It may be difficult to fathom, but when forced on a stage, I'm not as spleen-splittingly hilarious as I come across in print. I know this because I have just 'bombed' while testing some 'material' at a stand-up comedy workshop. 'Bombed' and 'material' are just two of the words I've learned today from comedian Jami Gong as he has led a group of 12 through a four-hour session on the craft in his basement club, TakeOut Comedy. I've also learned the words 'killed' (didn't do it), 'bits' (no relation to genitalia), and 'get off the stage'.
Okay, the last one I only heard in my head.
I'm sitting in my back row seat, being comforted by my editor, Paul, for what was, without dispute, a dog-limpingly lame attempt at stand-up. Sure, I got a few laughs. The crowd liked it when I made fun of my hick hometown: "I'm from a place where there are three core activities: rugby, strangling animals, and group sex. Sadly, for all of them, the sheep suffer." (Thank you, Monty Python.) But despite the sympathy chuckles, my self-imposed display of discomfort is an exercise in schadenfreude. Instead of laughing when I rail about poseurs, I receive expectant blank stares as the audience waits for a punchline I haven't had the foresight to write. After my set, instead of concurring with my sharp and witty insights about said poseurs, Gong asks me what exactly I was trying to say. Turns out he couldn't understand my accent.
God bless the nurturing comforts of print. Yes, you little black and white splotches, you are my babies. Never leave me.
Editor Paul is next and the bastard has the discourtesy to upstage me. "I came here today because of Jami’s encouragement, so I just wanna thank him,” Paul begins, as they audience looks on enraptured. “He told me that doing stand-up comedy was ‘a high like no other’ – but then, he said the same about crack, and now I’m giving handjobs to taxi drivers three nights a week to fund my habit." Cue genuine hoots of laughter. Hoots! I'll remember this moment, Paul – it's the last time this column will be in before deadline.
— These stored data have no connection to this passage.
text \<open>Two distinct vertices with three common neighbours would both be medians of them.\<close>

lemma no_K23:
  assumes "p \<noteq> q" "c\<^sub>1 \<noteq> c\<^sub>2" "c\<^sub>1 \<noteq> c\<^sub>3" "c\<^sub>2 \<noteq> c\<^sub>3"
    and "E p c\<^sub>1" "E p c\<^sub>2" "E p c\<^sub>3" "E q c\<^sub>1" "E q c\<^sub>2" "E q c\<^sub>3"
  shows False
proof -
  have V: "p \<in> V" "q \<in> V" "c\<^sub>1 \<in> V" "c\<^sub>2 \<in> V" "c\<^sub>3 \<in> V"
    using assms edge_in_V edge_in_V' by auto
  have "between V E c\<^sub>i r c\<^sub>j"
    if "r \<in> {p, q}" "E r c\<^sub>i" "E r c\<^sub>j" "c\<^sub>i \<noteq> c\<^sub>j" for r c\<^sub>i c\<^sub>j
  proof -
    have "r \<in> V" "c\<^sub>i \<in> V" "c\<^sub>j \<in> V"
      using that edge_in_V edge_in_V' by auto
    then have "\<delta> c\<^sub>i r = 1" "\<delta> r c\<^sub>j = 1"
      using that gdist_eq_1_iff edge_sym by auto
    moreover have "\<delta> c\<^sub>i c\<^sub>j = 2"
      using that gdist_common_neighbours by blast
    ultimately show ?thesis
      by (simp add: between_def)
  qed
  then have "between V E c\<^sub>1 r c\<^sub>2 \<and> between V E c\<^sub>2 r c\<^sub>3 \<and> between V E c\<^sub>1 r c\<^sub>3" if "r \<in> {p, q}" for r
    using that assms by blast
  then show False
    using ex1_median[OF V(3-5)] V(1,2) assms(1) by blast
qed

lemma quadrangle:
  assumes "u \<in> V" "E x v" "E x w" "v \<noteq> w"
    and "Suc (\<delta> u v) = \<delta> u x" "Suc (\<delta> u w) = \<delta> u x"
  obtains t where "E v t" "E w t" "Suc (Suc (\<delta> u t)) = \<delta> u x"
proof -
  have V: "v \<in> V" "w \<in> V"
    using assms edge_in_V' by auto
  obtain m where m: "m \<in> V" "between V E u m v" "between V E v m w" "between V E u m w"
    using ex1_median[OF assms(1) V] by blast
  have vw: "\<delta> v w = 2"
    using gdist_common_neighbours assms by blast
  have "m \<noteq> v" "m \<noteq> w"
    using m(2-4) vw assms(5,6) V gdist_eq_0_iff gdist_sym by (auto simp: between_def)
  then have "\<delta> v m \<noteq> 0" "\<delta> m w \<noteq> 0"
    using m(1) V gdist_eq_0_iff by auto
  then have "\<delta> v m = 1" "\<delta> m w = 1"
    using m(3) vw unfolding between_def by arith+
  then have "E v m" "E w m"
    using m(1) V gdist_eq_1_iff edge_sym by auto
  moreover have "Suc (Suc (\<delta> u m)) = \<delta> u x"
    using m(2) \<open>\<delta> v m = 1\<close> assms(5) gdist_sym m(1) V by (simp add: between_def)
  ultimately show ?thesis
    using that by blast
qed

text \<open>If z were closer to y than to x, the quadrangle condition at y1 would give a vertex t
  such that x1 and y have the three common neighbours x, y1, t.\<close>

lemma gdist_square_opposite_edges:
  assumes square: "E x y" "E x x\<^sub>1" "E x\<^sub>1 y\<^sub>1" "E y y\<^sub>1" "x \<noteq> y\<^sub>1" "x\<^sub>1 \<noteq> y"
    and z: "z \<in> V" "\<delta> z x\<^sub>1 < \<delta> z y\<^sub>1"
  shows "\<delta> z x < \<delta> z y"
proof (rule ccontr)
  assume "\<not> \<delta> z x < \<delta> z y"
  then have zx: "\<delta> z x = Suc (\<delta> z y)"
    using gdist_edge_ends[OF square(1) z(1)] by linarith
  have zy\<^sub>1: "\<delta> z y\<^sub>1 = Suc (\<delta> z x\<^sub>1)"
    using gdist_edge_ends[OF square(3) z(1)] z(2) by linarith
  have zx\<^sub>1: "\<delta> z x\<^sub>1 = \<delta> z y"
    using gdist_edge_ends[OF square(2) z(1)] gdist_edge_ends[OF square(4) z(1)] zx zy\<^sub>1 by linarith
  obtain t where t: "E x\<^sub>1 t" "E y t" "Suc (Suc (\<delta> z t)) = \<delta> z y\<^sub>1"
    using quadrangle[OF z(1) edge_sym[OF square(3)] edge_sym[OF square(4)] square(6)] zy\<^sub>1 zx\<^sub>1
    by metis
  have "x \<noteq> t" "y\<^sub>1 \<noteq> t"
    using t(3) zx zy\<^sub>1 zx\<^sub>1 by auto
  then show False
    using no_K23[OF square(6,5)] edge_sym[OF square(2)] edge_sym[OF square(1)] square(3,4) t(1,2)
    by blast
qed

text \<open>Induction on \<delta> x a: the quadrangle condition moves the edge xy one step towards a, to the
  opposite edge x1y1 of a square, which crosses the same hyperplane.\<close>

lemma gdist_crossing_edge:
  assumes "E a b" "E x y" "\<delta> x a < \<delta> x b" "\<delta> y b < \<delta> y a"
    and z: "z \<in> V" "\<delta> z a < \<delta> z b"
  shows "\<delta> z x < \<delta> z y"
  using assms(1-4)
proof (induction "\<delta> x a" arbitrary: x y)
  case 0
  then have V: "a \<in> V" "b \<in> V" "x \<in> V" "y \<in> V"
    using edge_in_V edge_in_V' by auto
  then have "x = a"
    using 0 gdist_eq_0_iff by metis
  then have "\<delta> y a = 1"
    using 0 V gdist_eq_1_iff edge_sym by auto
  then have "y = b"
    using 0 V gdist_eq_0_iff by auto
  then show ?case
    using \<open>x = a\<close> z by simp
next
  case (Suc n)
  then have V: "a \<in> V" "b \<in> V" "x \<in> V" "y \<in> V"
    using edge_in_V edge_in_V' by auto
  obtain x\<^sub>1 where x\<^sub>1: "E x x\<^sub>1" "\<delta> x\<^sub>1 a = n"
    using gdist_Suc_neighbour[OF V(3,1) Suc.hyps(2)[symmetric]] by blast
  have x\<^sub>1V: "x\<^sub>1 \<in> V"
    using x\<^sub>1(1) edge_in_V' by blast
  have xb: "\<delta> x b = Suc (Suc n)"
    using gdist_edge_ends[OF Suc.prems(1) V(3)] Suc.hyps(2) Suc.prems(3) by linarith
  have ya: "\<delta> y a = Suc (Suc n)" and yb: "\<delta> y b = Suc n"
    using gdist_edge_ends'[OF Suc.prems(2) V(1)] gdist_edge_ends'[OF Suc.prems(2) V(2)]
      gdist_edge_ends[OF Suc.prems(1) V(4)] Suc.hyps(2) Suc.prems(4) xb by linarith+
  have x\<^sub>1b: "\<delta> x\<^sub>1 b = Suc n"
    using gdist_edge_ends'[OF x\<^sub>1(1) V(2)] gdist_edge_ends[OF Suc.prems(1) x\<^sub>1V] x\<^sub>1(2) xb
    by linarith
  have "x\<^sub>1 \<noteq> y"
    using x\<^sub>1(2) ya by auto
  obtain y\<^sub>1 where y\<^sub>1: "E x\<^sub>1 y\<^sub>1" "E y y\<^sub>1" "Suc (Suc (\<delta> b y\<^sub>1)) = \<delta> b x"
    using quadrangle[OF V(2) x\<^sub>1(1) Suc.prems(2) \<open>x\<^sub>1 \<noteq> y\<close>] x\<^sub>1b yb xb gdist_sym V x\<^sub>1V
    by metis
  have y\<^sub>1V: "y\<^sub>1 \<in> V"
    using y\<^sub>1(1) edge_in_V' by blast
  have y\<^sub>1b: "\<delta> y\<^sub>1 b = n"
    using y\<^sub>1(3) xb gdist_sym V y\<^sub>1V by simp
  have y\<^sub>1a: "\<delta> y\<^sub>1 a = Suc n"
    using gdist_edge_ends'[OF y\<^sub>1(2) V(1)] gdist_edge_ends[OF Suc.prems(1) y\<^sub>1V] ya y\<^sub>1b
    by linarith
  have "\<delta> z x\<^sub>1 < \<delta> z y\<^sub>1"
    using Suc.hyps(1)[of x\<^sub>1 y\<^sub>1] Suc.prems(1) y\<^sub>1(1) x\<^sub>1 x\<^sub>1b y\<^sub>1a y\<^sub>1b by simp
  moreover have "x \<noteq> y\<^sub>1"
    using xb y\<^sub>1b by auto
  ultimately show ?case
    using gdist_square_opposite_edges[OF Suc.prems(2) x\<^sub>1(1) y\<^sub>1(1,2) _ \<open>x\<^sub>1 \<noteq> y\<close> z(1)] by blast
qed

lemma halfspace_eq_of_crossing_edge:
  assumes "E a b" "E x y" "x \<in> halfspace_of_edge V E a b" "y \<notin> halfspace_of_edge V E a b"
  shows "halfspace_of_edge V E a b = halfspace_of_edge V E x y"
proof -
  have V: "x \<in> V" "y \<in> V"
    using assms(2) edge_in_V edge_in_V' by auto
  have x: "\<delta> x a < \<delta> x b" and y: "\<delta> y b < \<delta> y a"
    using assms(3,4) V gdist_edge_ends_neq[OF assms(1) V(2)]
    by (auto simp: halfspace_of_edge_def)
  have "\<delta> z a < \<delta> z b \<longleftrightarrow> \<delta> z x < \<delta> z y" if "z \<in> V" for z
    using gdist_crossing_edge[OF assms(1,2) x y that]
      gdist_crossing_edge[OF edge_sym[OF assms(1)] edge_sym[OF assms(2)] y x that]
      gdist_edge_ends_neq[OF assms(1) that] by linarith
  then show ?thesis
    by (auto simp: halfspace_of_edge_def)
qed

lemma hcompl_halfspace_of_edge:
  assumes "E a b"
  shows "hcompl V (halfspace_of_edge V E b a) = halfspace_of_edge V E a b"
proof -
  have "\<not> \<delta> z b < \<delta> z a \<longleftrightarrow> \<delta> z a < \<delta> z b" if "z \<in> V" for z
    using gdist_edge_ends_neq[OF assms that] by linarith
  then show ?thesis
    by (auto simp: hcompl_def halfspace_of_edge_def)
qed

lemma halfspaces_at_vertex_transverse_or_tight:
  assumes "E u w" "E u w'" "w \<noteq> w'"
  defines "A \<equiv> halfspace_of_edge V E w u" and "B \<equiv> halfspace_of_edge V E w' u"
  shows "transverse V A B \<or> tight_incl V E A (hcompl V B)"
proof -
  have V: "u \<in> V" "w \<in> V" "w' \<in> V"
    using assms(1,2) edge_in_V edge_in_V' by auto
  have mem: "w \<in> A" "w' \<notin> A" "u \<notin> A" "w' \<in> B" "w \<notin> B" "u \<notin> B"
    using neighbour_mem_halfspace_iff[OF assms(1)] neighbour_mem_halfspace_iff[OF assms(2)]
      not_mem_halfspace_of_edge edge_sym assms by (auto simp: A_def B_def)
  have AB: "A \<subseteq> V" "B \<subseteq> V"
    by (auto simp: A_def B_def halfspace_of_edge_def)
  have "A \<subset> hcompl V B" if "nested V A B"
    using that mem V AB unfolding nested_def hcompl_def by blast
  moreover have False if C: "C \<in> halfspaces V E" "A \<subset> C" "C \<subset> hcompl V B" for C
  proof -
    obtain a b where ab: "E a b" "C = halfspace_of_edge V E a b"
      using C(1) unfolding halfspaces_def by blast
    have "w \<in> C" "w' \<notin> C"
      using C(2,3) mem by (auto simp: hcompl_def)
    show False
    proof (cases "u \<in> C")
      case True
      then have "C = halfspace_of_edge V E u w'"
        using halfspace_eq_of_crossing_edge[OF ab(1) assms(2)] ab(2) \<open>w' \<notin> C\<close> by simp
      then show False
        using C(3) hcompl_halfspace_of_edge[OF assms(2)] by (simp add: B_def)
    next
      case False
      then have "C = A"
        using halfspace_eq_of_crossing_edge[OF ab(1) edge_sym[OF assms(1)]] ab(2) \<open>w \<in> C\<close>
        by (simp add: A_def)
      then show False
        using C(2) by simp
    qed
  qed
  ultimately show ?thesis
    unfolding transverse_def tight_incl_def by blast
qed

end

lemma cubical_action_graph_automorphism:
  assumes "cubical_action G V E act" "h \<in> carrier G"
  shows "graph_automorphism V E (act h)"
proof -
  have "group_action G V act"
    using assms(1) by (simp add: cubical_action_def)
  then have "bij_betw (act h) V V"
    using assms(2) group_action.bij_prop0 by (fastforce simp: Bij_def)
  then show ?thesis
    using assms by (auto simp: graph_automorphism_def cubical_action_def)
qed

theorem lemma3p3:
  fixes G :: "('g, 'b) monoid_scheme"
    and V :: "'v set" and E :: "'v \<Rightarrow> 'v \<Rightarrow> bool" and act :: "'g \<Rightarrow> 'v \<Rightarrow> 'v"
  assumes "median_graph V E"
    and "group G"
    and "raag_like G V E act"
    and "h \<in> carrier G"
    and "\<exists>x \<in> V. act h x \<noteq> x"
  shows "\<forall>v \<in> V. act h v \<noteq> v"
proof (rule ccontr)
  interpret median V E
    using assms(1) by (rule median_graph_imp_median)
  have raag: "cubical_action G V E act"
      "\<forall>P\<in>halfspaces V E. \<forall>g\<in>carrier G. \<not> transverse V P (act g ` P)"
      "\<forall>P\<in>halfspaces V E. \<forall>g\<in>carrier G. \<not> tight_incl V E P (act g ` hcompl V P)"
    using assms(3) by (simp_all add: raag_like_def)
  have aut: "graph_automorphism V E (act h)"
    using raag(1) assms(4) by (rule cubical_action_graph_automorphism)
  assume "\<not> (\<forall>v \<in> V. act h v \<noteq> v)"
  then obtain v where v: "v \<in> V" "act h v = v"
    by blast
  obtain x where x: "x \<in> V" "act h x \<noteq> x"
    using assms(5) by blast
  obtain u w where uw: "E u w" "act h u = u" "act h w \<noteq> w"
    using edge_fixed_moved[OF v x] by blast
  define A where "A = halfspace_of_edge V E w u"
  have "A \<in> halfspaces V E"
    using edge_sym[OF uw(1)] by (auto simp: A_def halfspaces_def)
  then have "\<not> transverse V A (act h ` A)" "\<not> tight_incl V E A (act h ` hcompl V A)"
    using raag(2,3) assms(4) by blast+
  moreover have "act h ` A = halfspace_of_edge V E (act h w) u"
    using halfspace_automorphism[OF aut edge_sym[OF uw(1)]] uw(2) by (simp add: A_def)
  moreover have "act h ` hcompl V A = hcompl V (act h ` A)"
    using aut by (intro image_hcompl) (auto simp: graph_automorphism_def A_def halfspace_of_edge_def)
  moreover have "E u (act h w)"
    using aut uw edge_in_V edge_in_V' by (fastforce simp: graph_automorphism_def)
  ultimately show False
    using halfspaces_at_vertex_transverse_or_tight[OF uw(1) _ uw(3)[symmetric]] by (simp add: A_def)
qed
The purpose of this free workshop is to help raise the standard of stand-up in Hong Kong and to nurture a new group of comedians to fill TakeOut Comedy’s roster. Gong started TakeOut in Chinatown, New York, back in 2004. After its success there, he struck upon the notion of transfering the idea to Hong Kong and thus, in February 2007, established what is billed as Asia’s first permanent comedy club.
During a very serious lecture about the ins and outs of performing stand-up – "We're not storytelling," says Gong before unwittingly contradicting himself, "We're short, funny storytelling" – we learn that comedians should be adjusting their material right up until the moment they start their sets, that it's vital to have a cracking opening and a stellar finish, and that clean is better than blue. That is to say that dick jokes aren't as smart or sustainable as PG-13 material. Family-friendly jokes make you accessible to a wider audience, says Gong. "The blue comics – they don't get very far," he suggests. Very quickly, my favourite comics spring to mind: Eddie Murphy, Billy Connolly, Dave Chappelle, Bill Hicks, Jimmy Carr, Ricky Gervais. Like those guys never made a buck out of a dick joke.
So, after watching videos of Tim Allen and Jerry Seinfeld, and a Q&A session with successful local comics Vivek Mahbubani and Michael Dorsher, the students are given the opportunity to embarrass themselves in front of each other on stage. One brave soul attempts a routine about farts and nose-picking, strangely to a rather muted response. A tall German warns Californians they should be careful with their Austrian governor, because the last time his country elected an Austrian it didn't work out too well. An even taller American jokes that he's not a gweilo, he's a “gwei-high”. A self-consciously nerdy young man tells us of how he gets taunted for his looks. "One guy said to me, 'You've got a flat nose – do you need something to prop it up?', and I said, 'Go away, dick'." A confident Canadian woman impersonates her mother's French accent by doing an Arabic accent. It works.
But the highlight is the last performer, a latecomer called Danny who has an energetic stage presence that isn't quite matched by his ability to speak English. He tells of his confusion between the words "menstruation" and "masturbation" – struggling to conjure up the correct word for the latter, he clenches a fist and pumps it up and down, turns to Gong and says, "You know – with the hand?". He concludes his set by saying, "Today, the great thing I learned is to separate the menstruation and the menstrupation". The crowd is in fits. But then, who doesn't love a dick joke?